Никак не могу понять, что такое со мной творится. Пишу, сам не знаю зачем, но не писать не могу. А может, всю эту писанину Илье отдать? Боюсь только, что нескладно у меня получается. Нет в моей жизни ни завязки, ни развязки, ни прочих элементов художественного действия. Сомневаюсь, сумеет ли он засунуть меня в свой роман.
Васицкий, наш завкульт, хотя и в растрепанных чувствах, то есть со зла, но однажды мне такую вещь ляпнул, о которой я потом немало думал. «Ты, — говорит, — Потупушкин, как был мужиком, так мужиком и остался. В жизни бы не поверил, если б тебя с детства не знал, что ты целую гору книг прочел».
Насчет горы — это точно. Правда, комнаты со сводами, как у Льва Николаевича, у меня не было, читал в основном на сеновале да на русской печи, но мальчишкой до того зачитывался, что оторваться от книги невозможно, и вот пристигнет сбегать кой-куда, но терпишь до той поры, что сил нет, и потом как шальной летишь в огород, чтобы позору не сделать. А есть и пить — так целыми днями мог не прикасаться. Была бы книга.
Жизнь самостоятельную начал с книгоноши, но по первости сам не понимал, что в сумке холщовой по деревням таскаю. Но всегда я делал свое дело. Только свое и того желаю каждому. А свое ли дело делает Васицкий? Может быть, ему лучше было бы сапоги чинить? Вот об этом он подумал бы на досуге, а не о том, мужик я или нет.
А вообще-то говоря, насчет мужика надо еще разобраться. Смотря кого под мужиком понимать. Если того, который народ хлебом кормит, то этим гордиться надо. Я тоже кормлю — только хлеб мой типографской краской да переплетным клеем припахивает.
А если подразумевать того, который пальцем сморкается, то я не из тех. У меня платок носовой, причем не один, а целая дюжина, и на каждом Анастасия Андреевна позаботилась инициалы мои шелком вышить. А что касается происхождения, то я действительно мужик — меня мать в колке, что в десяти верстах от Берестянки, родила. И в этом же колке от родов скончалась. В покос дело было…

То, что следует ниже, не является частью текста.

lemma jbr_neg_powr_square_le_prod:
  fixes l :: "int^'n"
  assumes sig: "sig \<ge> 0"
  shows "(jbr l powr (-sig))\<^sup>2 \<le> (\<Prod>i\<in>UNIV. (1 + (real_of_int (l$i))\<^sup>2) powr (-(sig / real CARD('n))))"
proof -
  define S where "S = 1 + (\<Sum>i\<in>UNIV. (real_of_int (l$i))\<^sup>2)"
  define q where "q = sig / real CARD('n)"
  have S1: "S \<ge> 1" unfolding S_def by (simp add: sum_nonneg)
  have "jbr l = S powr (1/2)"
    unfolding jbr_def S_def by (simp add: powr_half_sqrt sum_nonneg add_nonneg_nonneg)
  hence "(jbr l powr (-sig))\<^sup>2 = S powr (-sig)"
    using S1 by (simp add: powr_powr power2_eq_square powr_add[symmetric])
  also have "\<dots> = (\<Prod>i\<in>(UNIV::'n set). S powr (-q))"
    using S1 by (simp add: powr_power q_def)
  also have "\<dots> \<le> (\<Prod>i\<in>UNIV. (1 + (real_of_int (l$i))\<^sup>2) powr (-q))"
  proof (intro prod_mono conjI)
    fix i :: 'n
    have "(real_of_int (l$i))\<^sup>2 \<le> (\<Sum>i\<in>UNIV. (real_of_int (l$i))\<^sup>2)"
      by (rule member_le_sum) auto
    hence "1 + (real_of_int (l$i))\<^sup>2 \<le> S" unfolding S_def by simp
    thus "S powr (-q) \<le> (1 + (real_of_int (l$i))\<^sup>2) powr (-q)"
      by (intro powr_mono2') (use sig in \<open>auto simp: q_def add_pos_nonneg\<close>)
  qed simp
  finally show ?thesis by (simp add: q_def)
qed

lemma summable_on_jbr_neg_powr_square:
  assumes sig: "sig > real CARD('n) / 2"
  shows "(\<lambda>l::int^'n. (jbr l powr (-sig))\<^sup>2) summable_on UNIV"
proof (rule summable_on_comparison_test)
  have sig0: "0 \<le> sig" using sig by (smt (verit) of_nat_0_le_iff divide_nonneg_nonneg)
  define q where "q = sig / real CARD('n)"
  have "q > 1/2" using sig by (simp add: q_def field_simps)
  then have "summable (\<lambda>m::nat. (1 + (real_of_int (int m))\<^sup>2) powr (-q))"
    using summable_one_plus_square_neg_powr by simp
  then have "(\<lambda>n::int. (1 + (real_of_int n)\<^sup>2) powr (-q)) summable_on UNIV"
    by (intro summable_on_int_if_even) auto
  then show "(\<lambda>l::int^'n. \<Prod>i\<in>UNIV. (1 + (real_of_int (l$i))\<^sup>2) powr (-q)) summable_on UNIV"
    by (rule summable_on_lattice_prod) simp
  show "(jbr l powr (-sig))\<^sup>2 \<le> (\<Prod>i\<in>UNIV. (1 + (real_of_int (l$i))\<^sup>2) powr (-q))" for l :: "int^'n"
    unfolding q_def by (rule jbr_neg_powr_square_le_prod[OF sig0])
qed simp

section \<open>The nonlinear term\<close>

definition has_finite_gnorm :: "real \<Rightarrow> real \<Rightarrow> real \<Rightarrow> (int^'n \<Rightarrow> real^'n \<Rightarrow> complex) \<Rightarrow> bool" where
  "has_finite_gnorm lam sig s g \<longleftrightarrow>
     (\<forall>k. integrable lborel (\<lambda>eta. (cmod (g k eta))\<^sup>2 * (Aw lam sig s k eta)\<^sup>2)) \<and>
     (\<lambda>k. LINT eta | lborel. (cmod (g k eta))\<^sup>2 * (Aw lam sig s k eta)\<^sup>2) summable_on UNIV"

definition gnorm_sq_nn :: "real \<Rightarrow> real \<Rightarrow> real \<Rightarrow> (int^'n \<Rightarrow> real^'n \<Rightarrow> complex) \<Rightarrow> ennreal" where
  "gnorm_sq_nn lam sig s g =
     (\<integral>\<^sup>+k. \<integral>\<^sup>+eta. ennreal ((cmod (g k eta))\<^sup>2 * (Aw lam sig s k eta)\<^sup>2) \<partial>lborel \<partial>CS)"

definition rho_norm_sq_nn :: "real \<Rightarrow> real \<Rightarrow> real \<Rightarrow> (int^'n \<Rightarrow> complex) \<Rightarrow> ennreal" where
  "rho_norm_sq_nn lam sig s r =
     (\<integral>\<^sup>+l. ennreal ((cmod (r l))\<^sup>2 * (jbr l powr sig * exp (lam * jbr l powr s))\<^sup>2) \<partial>CS)"

definition rho_conv :: "(int^'n \<Rightarrow> complex) \<Rightarrow> (int^'n \<Rightarrow> real^'n \<Rightarrow> complex) \<Rightarrow> int^'n \<Rightarrow> real^'n \<Rightarrow> ennreal" where
  "rho_conv r g k eta = (\<integral>\<^sup>+l. ennreal (cmod (r l)) * ennreal (cmod (g (k - l) eta)) \<partial>CS)"

lemma gnorm_sq_nonneg: "gnorm_sq lam sig s g \<ge> 0"
  unfolding gnorm_sq_def by (intro infsum_nonneg) auto

lemma rho_norm_sq_nonneg: "rho_norm_sq lam sig s r \<ge> 0"
  unfolding rho_norm_sq_def by (intro infsum_nonneg) auto

lemma ennreal_gnorm_sq:
  assumes "has_finite_gnorm lam sig s g"
  shows "ennreal (gnorm_sq lam sig s g) = gnorm_sq_nn lam sig s g"
proof -
  have "ennreal (gnorm_sq lam sig s g)
      = (\<integral>\<^sup>+k. ennreal (LINT eta | lborel. (cmod (g k eta))\<^sup>2 * (Aw lam sig s k eta)\<^sup>2) \<partial>CS)"
    unfolding gnorm_sq_def
    by (rule ennreal_infsum_eq_nn_integral) (use assms in \<open>auto simp: has_finite_gnorm_def\<close>)
  also have "\<dots> = gnorm_sq_nn lam sig s g"
    unfolding gnorm_sq_nn_def
    by (intro nn_integral_cong nn_integral_eq_integral[symmetric])
      (use assms in \<open>auto simp: has_finite_gnorm_def\<close>)
  finally show ?thesis .
qed

lemma ennreal_rho_norm_sq:
  assumes "(\<lambda>k. (cmod (r k))\<^sup>2 * (jbr k powr sig * exp (lam * jbr k powr s))\<^sup>2) summable_on UNIV"
  shows "ennreal (rho_norm_sq lam sig s r) = rho_norm_sq_nn lam sig s r"
  unfolding rho_norm_sq_def rho_norm_sq_nn_def by (rule ennreal_infsum_eq_nn_integral[OF assms]) auto

lemma borel_measurable_cmod_if_finite_gnorm:
  assumes "has_finite_gnorm lam sig s g"
  shows "(\<lambda>eta. cmod (g k eta)) \<in> borel_measurable lborel"
proof -
  have "integrable lborel (\<lambda>eta. (cmod (g k eta))\<^sup>2 * (Aw lam sig s k eta)\<^sup>2)"
    using assms unfolding has_finite_gnorm_def by blast
  then have "(\<lambda>eta. (cmod (g k eta))\<^sup>2 * (Aw lam sig s k eta)\<^sup>2) \<in> borel_measurable lborel"
    by measurable
  then have "(\<lambda>eta. sqrt ((cmod (g k eta))\<^sup>2 * (Aw lam sig s k eta)\<^sup>2) / Aw lam sig s k eta)
      \<in> borel_measurable lborel"
    using borel_measurable_Aw by measurable
  moreover have "sqrt ((cmod (g k eta))\<^sup>2 * (Aw lam sig s k eta)\<^sup>2) / Aw lam sig s k eta = cmod (g k eta)"
    for eta
    using Aw_pos[of lam sig s k eta] by (simp add: real_sqrt_mult)
  ultimately show ?thesis by simp
qed

lemma borel_measurable_rho_conv:
  assumes "\<And>k. (\<lambda>eta. cmod (g k eta)) \<in> borel_measurable lborel"
  shows "(\<lambda>eta. rho_conv r g k eta) \<in> borel_measurable lborel"
  unfolding rho_conv_def by (rule borel_measurable_nn_integral_count_space) (use assms in measurable)

lemma rho_conv_weighted_bound_at:
  fixes r :: "int^'n \<Rightarrow> complex"
  assumes lam: "0 \<le> lam" and sig: "0 \<le> sig" and s: "0 < s" "s \<le> 1"
  shows "(\<integral>\<^sup>+k. (ennreal (Aw lam sig s k eta) * rho_conv r g k eta)\<^sup>2 \<partial>CS)
    \<le> 4 * (ennreal (2 powr sig))\<^sup>2 * (\<integral>\<^sup>+(l::int^'n). ennreal ((jbr l powr (-sig))\<^sup>2) \<partial>CS)
       * rho_norm_sq_nn lam sig s r * (\<integral>\<^sup>+k. ennreal ((cmod (g k eta))\<^sup>2 * (Aw lam sig s k eta)\<^sup>2) \<partial>CS)"
proof -
  have split: "ennreal (Aw lam sig s k eta) \<le> ennreal (2 powr sig) * ennreal (jbr l powr sig * exp (lam * jbr l powr s))
     * ennreal (Aw lam sig s (k - l) eta) * (ennreal (jbr l powr (-sig)) + ennreal (jbr (k - l) powr (-sig)))"
    for k l
  proof -
    have "ennreal (Aw lam sig s k eta) \<le> ennreal (2 powr sig * (jbr l powr sig * exp (lam * jbr l powr s))
        * Aw lam sig s (k - l) eta * (jbr l powr (-sig) + jbr (k - l) powr (-sig)))"
      by (rule ennreal_leI, rule Aw_le_split) (use lam sig s in auto)
    also have "\<dots> = ennreal (2 powr sig) * ennreal (jbr l powr sig * exp (lam * jbr l powr s))
     * ennreal (Aw lam sig s (k - l) eta) * (ennreal (jbr l powr (-sig)) + ennreal (jbr (k - l) powr (-sig)))"
      using Aw_pos[of lam sig s "k - l" eta]
      by (simp add: ennreal_mult ennreal_plus[symmetric] del: ennreal_plus)
    finally show ?thesis .
  qed
  have r: "(\<integral>\<^sup>+l. (ennreal (cmod (r l)) * ennreal (jbr l powr sig * exp (lam * jbr l powr s)))\<^sup>2 \<partial>CS)
      = rho_norm_sq_nn lam sig s r"
    unfolding rho_norm_sq_nn_def
    by (intro nn_integral_cong) (simp add: ennreal_mult[symmetric] ennreal_power power_mult_distrib)
  have g: "(ennreal (Aw lam sig s k eta) * ennreal (cmod (g k eta)))\<^sup>2
      = ennreal ((cmod (g k eta))\<^sup>2 * (Aw lam sig s k eta)\<^sup>2)" for k
    using Aw_pos[of lam sig s k eta]
    by (simp add: ennreal_mult[symmetric] ennreal_power power_mult_distrib mult.commute)
  have "(\<integral>\<^sup>+k. (ennreal (Aw lam sig s k eta) * rho_conv r g k eta)\<^sup>2 \<partial>CS)
    \<le> 4 * (ennreal (2 powr sig))\<^sup>2 * (\<integral>\<^sup>+(l::int^'n). (ennreal (jbr l powr (-sig)))\<^sup>2 \<partial>CS)
      * (\<integral>\<^sup>+l. (ennreal (cmod (r l)) * ennreal (jbr l powr sig * exp (lam * jbr l powr s)))\<^sup>2 \<partial>CS)
      * (\<integral>\<^sup>+k. (ennreal (Aw lam sig s k eta) * ennreal (cmod (g k eta)))\<^sup>2 \<partial>CS)"
    unfolding rho_conv_def
    by (rule weighted_convolution_bound[where A="\<lambda>k. ennreal (Aw lam sig s k eta)" and P="ennreal (2 powr sig)"
          and Rw="\<lambda>l. ennreal (jbr l powr sig * exp (lam * jbr l powr s))" and w="\<lambda>l. ennreal (jbr l powr (-sig))"
          and rho="\<lambda>l. ennreal (cmod (r l))" and b="\<lambda>k. ennreal (cmod (g k eta))", OF split])
  then show ?thesis
    unfolding r g by (simp add: ennreal_power)
qed

lemma rho_conv_weighted_bound:
  fixes r :: "int^'n \<Rightarrow> complex"
  assumes lam: "0 \<le> lam" and sig: "0 \<le> sig" and s: "0 < s" "s \<le> 1"
    and g: "\<And>k. (\<lambda>eta. cmod (g k eta)) \<in> borel_measurable lborel"
  shows "(\<integral>\<^sup>+k. \<integral>\<^sup>+eta. (ennreal (Aw lam sig s k eta) * rho_conv r g k eta)\<^sup>2 \<partial>lborel \<partial>CS)
    \<le> 4 * (ennreal (2 powr sig))\<^sup>2 * (\<integral>\<^sup>+(l::int^'n). ennreal ((jbr l powr (-sig))\<^sup>2) \<partial>CS)
       * rho_norm_sq_nn lam sig s r * gnorm_sq_nn lam sig s g"
proof -
  let ?K = "4 * (ennreal (2 powr sig))\<^sup>2 * (\<integral>\<^sup>+(l::int^'n). ennreal ((jbr l powr (-sig))\<^sup>2) \<partial>CS) * rho_norm_sq_nn lam sig s r"
  have sf: "sigma_finite_measure lborel" by (rule lborel.sigma_finite_measure_axioms)
  have meas: "(\<lambda>eta. ennreal ((cmod (g k eta))\<^sup>2 * (Aw lam sig s k eta)\<^sup>2)) \<in> borel_measurable lborel" for k
    using g borel_measurable_Aw by measurable
  have "(\<integral>\<^sup>+k. \<integral>\<^sup>+eta. (ennreal (Aw lam sig s k eta) * rho_conv r g k eta)\<^sup>2 \<partial>lborel \<partial>CS)
      = (\<integral>\<^sup>+eta. \<integral>\<^sup>+k. (ennreal (Aw lam sig s k eta) * rho_conv r g k eta)\<^sup>2 \<partial>CS \<partial>lborel)"
    by (rule nn_integral_count_space_swap_measure[OF sf])
      (use borel_measurable_rho_conv[OF g] borel_measurable_Aw in measurable)
  also have "\<dots> \<le> (\<integral>\<^sup>+eta. ?K * (\<integral>\<^sup>+k. ennreal ((cmod (g k eta))\<^sup>2 * (Aw lam sig s k eta)\<^sup>2) \<partial>CS) \<partial>lborel)"
    by (intro nn_integral_mono rho_conv_weighted_bound_at lam sig s)
  also have "\<dots> = ?K * (\<integral>\<^sup>+eta. \<integral>\<^sup>+k. ennreal ((cmod (g k eta))\<^sup>2 * (Aw lam sig s k eta)\<^sup>2) \<partial>CS \<partial>lborel)"
    by (rule nn_integral_cmult) (rule borel_measurable_nn_integral_count_space, rule meas)
  also have "(\<integral>\<^sup>+eta. \<integral>\<^sup>+k. ennreal ((cmod (g k eta))\<^sup>2 * (Aw lam sig s k eta)\<^sup>2) \<partial>CS \<partial>lborel)
      = gnorm_sq_nn lam sig s g"
    unfolding gnorm_sq_nn_def by (rule nn_integral_count_space_swap_measure[OF sf, symmetric]) (rule meas)
  finally show ?thesis .
qed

Личная жизнь. Трудно окинуть ее одним взглядом, а начало теряется в детской несмышленности. И как ее целиком оценить? Было и плохое и хорошее, а чаще и то и другое в одной строке. И затем, что под личным понимать? Всю свою жизнь я перебрал, и оказалось, что вся она личная и вся неличная. Никакого разделения произвести не в силах.
Говорят иногда: «Первая любовь». Это как понять? Стало быть, бывает любовь первая, вторая, третья, а у кого-нибудь может быть и десятая и тридцатая? По каким признакам счет вести? Если со сколькими бабами спать случалось — это один счет. Если же считать, какой женщине свою молодую душу отдал, то душа-то у человека одна, и если ее одной отдал, то другим уж ничего не останется.

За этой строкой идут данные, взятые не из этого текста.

lemma nested_gdd_of_nested_bibd:
  assumes "nested_bibd X v B"
  shows "\<exists>N. nested_gdd X id N"
proof -
  obtain phi where phi: "\<forall>A\<in>#B. phi A \<in> X"
    and partial: "is_partial_bibd X v 5 2 (image_mset (\<lambda>A. insert (phi A) A) B)"
    and bibd: "is_bibd X v 4 1 B"
    using assms unfolding nested_bibd_def by blast
  define N where "N = image_mset (\<lambda>A. (A, phi A)) B"
  have fst_N: "image_mset fst N = B" and augment_N: "augment N = image_mset (\<lambda>A. insert (phi A) A) B"
    by (simp_all add: N_def augment_def multiset.map_comp o_def)
  have "phi A \<notin> A" if "A \<in># B" for A
  proof
    assume "phi A \<in> A"
    then have "card (insert (phi A) A) = 4" using bibd that by (simp add: is_bibd_def blocks_ok_def insert_absorb)
    then show False using partial that by (auto simp: is_partial_bibd_def blocks_ok_def)
  qed
  then have blocks: "nested_blocks X N"
    using bibd phi by (auto simp: nested_blocks_def N_def is_bibd_def blocks_ok_def)
  have outside: "pair_count (image_mset fst N) x y = 0 \<and> pair_count (augment N) x y = 0"
    if "x \<notin> X \<or> y \<notin> X" for x y
    using that nested_blocks_subset[OF blocks] by (simp add: pair_count_outside)
  have once: "pair_count (image_mset fst N) x y = 1" and twice: "pair_count (augment N) x y \<le> 2"
    if "x \<in> X" "y \<in> X" "x \<noteq> y" for x y
    using bibd partial that unfolding fst_N augment_N is_bibd_def is_partial_bibd_def by auto
  have "nested_gdd X id N"
    unfolding nested_gdd_def nesting_bounded_def
  proof (intro conjI allI impI blocks)
    fix x y :: 'a assume "x \<noteq> y"
    then show "pair_count (image_mset fst N) x y = (if x \<in> X \<and> y \<in> X \<and> id x \<noteq> id y then 1 else 0)"
      and "pair_count (augment N) x y \<le> 2 * pair_count (image_mset fst N) x y"
      using once twice outside by (cases "x \<in> X \<and> y \<in> X"; simp)+
  qed
  then show ?thesis ..
qed

lemma nested_bibd_of_nested_gdd:
  assumes "finite X" and "card X = v" and gdd: "nested_gdd X id N"
  shows "nested_bibd X v (image_mset fst N)"
proof -
  have blocks: "nested_blocks X N" and bounded: "nesting_bounded N"
    and once: "\<And>x y. x \<in> X \<Longrightarrow> y \<in> X \<Longrightarrow> x \<noteq> y \<Longrightarrow> pair_count (image_mset fst N) x y = 1"
    using gdd unfolding nested_gdd_def by auto
  \<comment> \<open>A block occurring twice would cover its pairs twice, so the nesting point is a function of the block.\<close>
  have unique: "p = q" if "(A, p) \<in># N" and "(A, q) \<in># N" for A p q
  proof (rule ccontr)
    assume "p \<noteq> q"
    have "card A = 4" and "A \<subseteq> X" using blocks that(1) by (auto simp: nested_blocks_def)
    then obtain x y where xy: "x \<in> A" "y \<in> A" "x \<noteq> y"
      using card_le_Suc0_iff_eq[of A] card.infinite by force
    have "{#(A, p), (A, q)#} \<subseteq># filter_mset (\<lambda>(B, r). x \<in> B \<and> y \<in> B) N"
      using that xy \<open>p \<noteq> q\<close> by (simp add: insert_subset_eq_iff in_diff_count)
    then have "2 \<le> pair_count (image_mset fst N) x y"
      using size_mset_mono by (fastforce simp: pair_count_def filter_mset_image_mset case_prod_unfold)
    with once[of x y] xy \<open>A \<subseteq> X\<close> show False by auto
  qed
  define phi where "phi A = (SOME p. (A, p) \<in># N)" for A
  have phi: "phi A = p" if "(A, p) \<in># N" for A p
  proof -
    have "(A, phi A) \<in># N" unfolding phi_def by (rule someI[of _ p]) (fact that)
    then show ?thesis using that by (rule unique)
  qed
  have augment_N: "image_mset (\<lambda>A. insert (phi A) A) (image_mset fst N) = augment N"
    unfolding augment_def multiset.map_comp by (rule image_mset_cong) (auto simp: phi)
  have "is_bibd X v 4 1 (image_mset fst N)"
    using assms(1,2) blocks once by (force simp: is_bibd_def blocks_ok_def nested_blocks_def)
  moreover have "\<forall>A\<in>#image_mset fst N. phi A \<in> X"
    using blocks phi by (auto simp: nested_blocks_def)
  moreover have "is_partial_bibd X v 5 2 (augment N)"
  proof -
    have "A \<subseteq> X \<and> card A = 5" if "A \<in># augment N" for A
      using that blocks by (auto simp: augment_def nested_blocks_def card_insert_if card_ge_0_finite)
    moreover have "pair_count (augment N) x y \<le> 2" if "x \<in> X" "y \<in> X" "x \<noteq> y" for x y
      using bounded once[OF that] that(3) unfolding nesting_bounded_def by fastforce
    ultimately show ?thesis
      using assms(1,2) by (simp add: is_partial_bibd_def blocks_ok_def)
  qed
  ultimately show ?thesis
    unfolding nested_bibd_def augment_N[symmetric] by blast
qed

definition relabel :: "('a \<Rightarrow> 'b) \<Rightarrow> 'a nested_family \<Rightarrow> 'b nested_family" where
  "relabel f N = image_mset (\<lambda>(A, p). (f ` A, f p)) N"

А вообще-то — удивительное это чувство. Если честно рассудить, какое оно? Высокое или низкое? Разум нам светлый дан, а чувства порою тянут к первобытности. Отсюда и страдания.
Вырос я в Путинцеве — деревушке таежной. Сейчас круг нее поля открытые, а тогда она пряталась в ельнике таком густом-прегустом, что на улице в самый полдень сумерки стояли и гнуса много было.

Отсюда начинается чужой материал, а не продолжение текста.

lemma ul_shift: "ul N (k + int N * d) = ul N k"
  unfolding ul_def by (metis add.commute add_diff_eq mod_mult_self2 mult.commute)

lemma ol_shift: "N \<ge> 1 \<Longrightarrow> ol N (k + int N * d) = ol N k - d"
proof -
  assume "N \<ge> 1"
  then have "((k - 1) + d * int N) div int N = (k - 1) div int N + d"
    using div_mult_self1[of "int N" "k - 1" d] by simp
  moreover have "k + int N * d - 1 = (k - 1) + d * int N" by simp
  ultimately have "(k + int N * d - 1) div int N = (k - 1) div int N + d" by metis
  then show ?thesis unfolding ol_def by simp
qed

lemma ul_digit: "v \<in> {1..N} \<Longrightarrow> ul N (int v - int N * e) = v"
  using ul_shift[of N "int v" "- e"] by (simp add: ul_def mod_pos_pos_trivial)

lemma ol_digit: "v \<in> {1..N} \<Longrightarrow> ol N (int v - int N * e) = e"
  using ol_shift[of N "int v" "- e"] by (simp add: ol_def div_pos_pos_trivial)

definition tensor_monomial :: "nat \<Rightarrow> int list \<Rightarrow> int list \<times> nat list" where
  "tensor_monomial N k = (map (ol N) k, map (ul N) k)"

lemma tensor_monomial_eq_iff:
  assumes "N \<ge> 1"
  shows "tensor_monomial N k = tensor_monomial N k' \<longleftrightarrow> k = k'"
proof -
  have "map2 (\<lambda>a b. int b - int N * a) (fst (tensor_monomial N k)) (snd (tensor_monomial N k)) = k" for k
    unfolding tensor_monomial_def by (simp add: map2_map_map ul_ol_decompose[OF assms])
  then show ?thesis by metis
qed

lemma tensor_monomial_range:
  assumes "N \<ge> 1" and "tensor_monomial N k = (e, v)"
  shows "length e = length k" "length v = length k" "set v \<subseteq> {1..N}"
  using assms ul_range unfolding tensor_monomial_def by auto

В раннем детстве радости не вспомню. Когда отец в другой раз женился, меня дядя к себе взял, брат матернин. Тогда своим хозяйством жили, а это, стало быть, чтоб хозяйство в руках удержать, работай с утра до ночи и спины не разгибай. Обычная жизнь шла деревенская. Никто меня сильно не обижал, но и ласки лишней не видел. Все крестьянское исполнял наравне со взрослыми. Так подрос и парнем стал. Ростом и силой бог не обидел.
Настенька в ту пору в соседях жила. Я, по правде сказать, ее и за девку не считал. Пройдет мимо, когда кивну, а когда и нет. Сколько ей тогда было? Лет пятнадцать, не боле. А я на два года старше. Тогда и помыслить не мог, что у нас с ней будет дальше. А получилось вот что. Вечером как-то, уже почти стемнялось, слышу на задах ревет кто-то. Прислушался — Настенькина сестренка голосит, словно режут ее. Я, не разбирая дороги, через грядки, через огурцы прямиком к ней. Прилетаю, она за меня хватается: «Настенька померла», — а сама слезами заливается. Кинулся в ихнюю баню и сперва ничего разобрать не могу. Махонькая коптилочка горит, огонек с комариное крыло. Гляжу — Настенька как мылась, так ткнулась ничком в угол и совсем бездвижна. Думать тут некогда, одевать — тем более. Подхватил я ее, как дите, на руки и наружу. Принес в избу, на постель положил, лицо ее замаранное полотенцем вытер, ухо к груди приложил. Слышу, сердце бьется. А глаз не открывает. Говорю Клавке: «Беги за мамкой». Мать ее на берегу капусту поливала. Остался с девчушкой один на один и вдруг вижу, что она совсем уже не дите. Совестно мне стало, что она передо мной лежит беззащитная и все у нее открыто, чего еще ни один мужской взгляд не касался. Взял я простыню и на нее набросил. И только так сделал, она очнулась и спрашивает: «Где я?» — «Ты, — отвечаю, — в своем дому».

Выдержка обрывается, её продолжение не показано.